A loan collector in Spain earns about 14,200 EUR a year. That's 55% below the national average of 31,520 EUR.

Pay ranges widely from country to country and from role to role. The lowest reported salaries in Spain sit around 6,200 EUR a year, while the very top stretches to 23,400 EUR. Everything on this page is in Euro (EUR, symbol €), which lets you compare numbers like-for-like without worrying about exchange rates.

The numbers here are pulled together from official government wage data, large independent salary surveys, and aggregated worker-reported pay. Most reported salaries include the benefits that are common in Spain, such as housing or transport allowances, which is worth keeping in mind if you're comparing against a country where those are usually paid on top.


How much does a loan collector make in Spain?

Average salary
14,200 EUR
1,183 EUR per month
Lowest reported
6,200 EUR
516 EUR per month
Highest reported
23,400 EUR
1,950 EUR per month

A typical loan collector working in Spain brings home around 1,183 EUR a month before tax. Entry-level pay starts near 6,200 EUR, and the top of the ladder reaches roughly 23,400 EUR for the most experienced and specialised people in the role.

The wide gap between low end and top end reflects how much pay can vary inside the same job title. A junior loan collector working at a small local employer earns very different money from a senior at a multinational. Skills, employer, city and years in the seat all push the number around. For a cross-country comparison, see the loan collector salary in Belgium or Netherlands, both of which pay in the same currency.


How loan collector pay ranges in Spain

A good way to think about salary in Spain is to look at the distribution rather than the headline average. Half of all loan collectors in Spain earn less than 14,200 EUR a year, and the other half earn more. That middle number is the median, and it is usually more useful than the average for answering "is my pay normal here".

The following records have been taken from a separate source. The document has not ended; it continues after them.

lemma radial_bound_integrate_once:
  fixes f :: "real \<Rightarrow> 'a::real_normed_vector" and S :: "real set"
  assumes sm: "smooth_on S f" and S: "convex S" "0 \<in> S" and x: "x \<in> S"
    and zero: "nth_deriv k f 0 = 0"
    and bound: "radial_bound (nth_deriv (Suc k) f) x A p"
  shows "radial_bound (nth_deriv k f) x (A / Suc p) (Suc p)"
  unfolding radial_bound_def
proof
  fix w :: real assume w: "w \<in> {0<..1}"
  define y where "y = w * x"
  have y: "y \<in> S" unfolding y_def using convex_scaled_mem[OF S x] w by auto
  have abs_y: "\<bar>y\<bar> = w * \<bar>x\<bar>" unfolding y_def using w by (simp add: abs_mult)
  define F where "F = (\<lambda>u. nth_deriv k f (u * y))"
  define Phi where "Phi = (\<lambda>u::real. A / Suc p * \<bar>y\<bar> ^ Suc p * u ^ Suc p)"
  have "norm (F 1 - F 0) \<le> Phi 1 - Phi 0"
  proof (rule differentiable_bound_general[where f' = "\<lambda>u. y *\<^sub>R nth_deriv (Suc k) f (u * y)"
        and \<phi>' = "\<lambda>u. A * \<bar>y\<bar> ^ Suc p * u ^ p"])
    show "(0::real) < 1" by simp
    show "continuous_on {0..1} F"
      unfolding F_def by (rule smooth_on_continuous_on_segment[OF sm S y])
    show "continuous_on {0..1} Phi" unfolding Phi_def by (intro continuous_intros)
  next
    fix u :: real assume u: "0 < u" "u < 1"
    have uy: "u * y \<in> S" using convex_scaled_mem[OF S y] u by auto
    have "((\<lambda>u. u * y) has_vector_derivative y) (at u)"
      by (auto intro!: derivative_eq_intros simp: has_real_derivative_iff_has_vector_derivative[symmetric])
    from vector_diff_chain_at[OF this smooth_on_has_vector_derivative[OF sm uy, of k]]
    show "(F has_vector_derivative y *\<^sub>R nth_deriv (Suc k) f (u * y)) (at u)"
      unfolding F_def by (simp add: o_def)
    have "(Phi has_field_derivative A * \<bar>y\<bar> ^ Suc p * u ^ p) (at u)"
      unfolding Phi_def by (rule derivative_eq_intros refl | simp)+
    then show "(Phi has_vector_derivative A * \<bar>y\<bar> ^ Suc p * u ^ p) (at u)"
      using has_real_derivative_iff_has_vector_derivative by blast
    have uw: "u * w \<in> {0<..1}" using u w by (auto simp: mult_le_one)
    have "norm (y *\<^sub>R nth_deriv (Suc k) f (u * y)) = \<bar>y\<bar> * norm (nth_deriv (Suc k) f ((u * w) * x))"
      by (simp add: y_def mult.assoc)
    also have "\<dots> \<le> \<bar>y\<bar> * (A * ((u * w) * \<bar>x\<bar>) ^ p)"
      using bound uw unfolding radial_bound_def by (intro mult_left_mono) auto
    also have "\<dots> = A * \<bar>y\<bar> ^ Suc p * u ^ p"
      by (simp add: abs_y power_mult_distrib mult_ac)
    finally show "norm (y *\<^sub>R nth_deriv (Suc k) f (u * y)) \<le> A * \<bar>y\<bar> ^ Suc p * u ^ p" .
  qed
  then show "norm (nth_deriv k f (w * x)) \<le> A / Suc p * (w * \<bar>x\<bar>) ^ Suc p"
    using zero unfolding F_def Phi_def y_def[symmetric] abs_y[symmetric] by simp
qed

lemma radial_bound_integrate:
  fixes f :: "real \<Rightarrow> 'a::real_normed_vector" and S :: "real set"
  assumes sm: "smooth_on S f" and S: "convex S" "0 \<in> S" and x: "x \<in> S"
    and zeros: "\<And>j. j < m \<Longrightarrow> nth_deriv (k + j) f 0 = 0"
    and bound: "radial_bound (nth_deriv (k + m) f) x A p"
  shows "radial_bound (nth_deriv k f) x (A * fact p / fact (p + m)) (p + m)"
  using zeros bound
proof (induction m arbitrary: k)
  case 0
  then show ?case by simp
next
  case (Suc m)
  have "radial_bound (nth_deriv (Suc k) f) x (A * fact p / fact (p + m)) (p + m)"
  proof (rule Suc.IH)
    show "nth_deriv (Suc k + j) f 0 = 0" if "j < m" for j
      using Suc.prems(1)[of "Suc j"] that by simp
  qed (use Suc.prems(2) in simp)
  then have "radial_bound (nth_deriv k f) x (A * fact p / fact (p + m) / Suc (p + m)) (Suc (p + m))"
    using Suc.prems(1)[of 0] by (intro radial_bound_integrate_once[OF sm S x]) auto
  moreover have "A * fact p / fact (p + m) / Suc (p + m) = A * fact p / fact (p + Suc m)"
    by (simp add: field_simps)
  ultimately show ?case by (simp only: add_Suc_right)
qed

Looking at the quartiles fills in the picture. A quarter of earners take home less than 7,820 EUR (the 25th percentile), and a quarter clear 19,640 EUR (the 75th percentile). The middle 50% of loan collectors sit somewhere inside that band, which is where the typical reader of this page probably lives.

The very lowest reported salaries sit around 6,200 EUR. The highest stretch to 23,400 EUR, though only a small fraction of earners ever reach that level. If you are deciding whether your own offer or current pay is reasonable, work out which of those four bands you would fall into and use that as your reference point.

6,200
Low
14,200
Median
23,400
High
7,820
25th
19,640
75th
The middle 50% sit between the 25th and 75th percentile Tails are the lowest and highest reported All figures in EUR

Loan collector pay by experience in Spain

Years of experience is the single biggest lever on pay for a loan collector in Spain, ahead of education and almost any other single factor. The longer you have been in the role, the more your employer can trust you to handle complexity, mentor others and act independently, all of which command higher pay. The chart below shows how the typical loan collector salary changes as you move through the career ladder.

  • 0-2 Years
    7,240 EUR
  • 2-5 Years
    +38% from previous
    10,000 EUR
  • 5-10 Years
    +45% from previous
    14,540 EUR
  • 10-15 Years
    +32% from previous
    19,220 EUR
  • 15-20 Years
    +3% from previous
    19,860 EUR
  • 20+ Years
    +8% from previous
    21,400 EUR

The single largest jump on the ladder is from 2 - 5 Years to 5 - 10 Years, where pay rises by about 45%. That is the point at which a loan collector typically goes from "competent in the role" to "the person other people in the team learn from", and the market pays well for that step.


Loan collector pay by education in Spain

Education sits alongside experience as one of the biggest factors driving loan collector pay in Spain. Higher qualifications consistently pull higher salaries, but the size of the gap tends to be smallest at junior levels and widens as people move up. Two people in the same role with the same years of experience but different degrees can end up earning very different money once they reach mid-career.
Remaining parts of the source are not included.